** Opening Extracted records block **

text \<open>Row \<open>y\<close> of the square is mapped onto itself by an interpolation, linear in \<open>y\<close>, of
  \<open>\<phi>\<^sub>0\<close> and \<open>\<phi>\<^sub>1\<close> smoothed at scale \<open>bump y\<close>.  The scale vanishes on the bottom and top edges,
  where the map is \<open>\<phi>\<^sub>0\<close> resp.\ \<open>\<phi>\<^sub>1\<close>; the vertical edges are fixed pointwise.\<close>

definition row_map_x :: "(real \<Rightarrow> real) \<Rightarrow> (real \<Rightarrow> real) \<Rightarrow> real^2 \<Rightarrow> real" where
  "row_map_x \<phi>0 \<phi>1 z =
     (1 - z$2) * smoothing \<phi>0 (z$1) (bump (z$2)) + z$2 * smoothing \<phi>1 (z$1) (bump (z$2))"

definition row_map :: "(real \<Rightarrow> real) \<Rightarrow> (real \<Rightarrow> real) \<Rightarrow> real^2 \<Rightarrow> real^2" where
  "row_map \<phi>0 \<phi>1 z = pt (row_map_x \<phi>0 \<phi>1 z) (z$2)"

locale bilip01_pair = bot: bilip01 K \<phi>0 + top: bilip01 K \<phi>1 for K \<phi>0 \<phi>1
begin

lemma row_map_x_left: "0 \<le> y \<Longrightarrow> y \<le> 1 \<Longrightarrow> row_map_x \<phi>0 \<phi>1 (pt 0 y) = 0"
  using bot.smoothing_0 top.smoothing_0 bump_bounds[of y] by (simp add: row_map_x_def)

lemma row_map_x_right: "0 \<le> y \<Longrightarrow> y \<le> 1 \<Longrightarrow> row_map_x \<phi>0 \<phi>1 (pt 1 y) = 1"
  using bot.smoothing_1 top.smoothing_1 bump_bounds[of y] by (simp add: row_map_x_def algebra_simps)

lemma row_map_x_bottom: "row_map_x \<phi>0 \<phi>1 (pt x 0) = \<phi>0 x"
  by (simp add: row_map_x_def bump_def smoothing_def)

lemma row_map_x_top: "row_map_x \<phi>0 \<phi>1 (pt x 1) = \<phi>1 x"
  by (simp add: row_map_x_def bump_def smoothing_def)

** Closing Extracted records block **

Work instruction => In full and word for word, write out the data above.

Answer to this problem =>
text \<open>Row \<open>y\<close> of the square is mapped onto itself by an interpolation, linear in \<open>y\<close>, of
  \<open>\<phi>\<^sub>0\<close> and \<open>\<phi>\<^sub>1\<close> smoothed at scale \<open>bump y\<close>.  The scale vanishes on the bottom and top edges,
  where the map is \<open>\<phi>\<^sub>0\<close> resp.\ \<open>\<phi>\<^sub>1\<close>; the vertical edges are fixed pointwise.\<close>

definition row_map_x :: "(real \<Rightarrow> real) \<Rightarrow> (real \<Rightarrow> real) \<Rightarrow> real^2 \<Rightarrow> real" where
  "row_map_x \<phi>0 \<phi>1 z =
     (1 - z$2) * smoothing \<phi>0 (z$1) (bump (z$2)) + z$2 * smoothing \<phi>1 (z$1) (bump (z$2))"

definition row_map :: "(real \<Rightarrow> real) \<Rightarrow> (real \<Rightarrow> real) \<Rightarrow> real^2 \<Rightarrow> real^2" where
  "row_map \<phi>0 \<phi>1 z = pt (row_map_x \<phi>0 \<phi>1 z) (z$2)"

locale bilip01_pair = bot: bilip01 K \<phi>0 + top: bilip01 K \<phi>1 for K \<phi>0 \<phi>1
begin

lemma row_map_x_left: "0 \<le> y \<Longrightarrow> y \<le> 1 \<Longrightarrow> row_map_x \<phi>0 \<phi>1 (pt 0 y) = 0"
  using bot.smoothing_0 top.smoothing_0 bump_bounds[of y] by (simp add: row_map_x_def)

lemma row_map_x_right: "0 \<le> y \<Longrightarrow> y \<le> 1 \<Longrightarrow> row_map_x \<phi>0 \<phi>1 (pt 1 y) = 1"
  using bot.smoothing_1 top.smoothing_1 bump_bounds[of y] by (simp add: row_map_x_def algebra_simps)

lemma row_map_x_bottom: "row_map_x \<phi>0 \<phi>1 (pt x 0) = \<phi>0 x"
  by (simp add: row_map_x_def bump_def smoothing_def)

lemma row_map_x_top: "row_map_x \<phi>0 \<phi>1 (pt x 1) = \<phi>1 x"
  by (simp add: row_map_x_def bump_def smoothing_def)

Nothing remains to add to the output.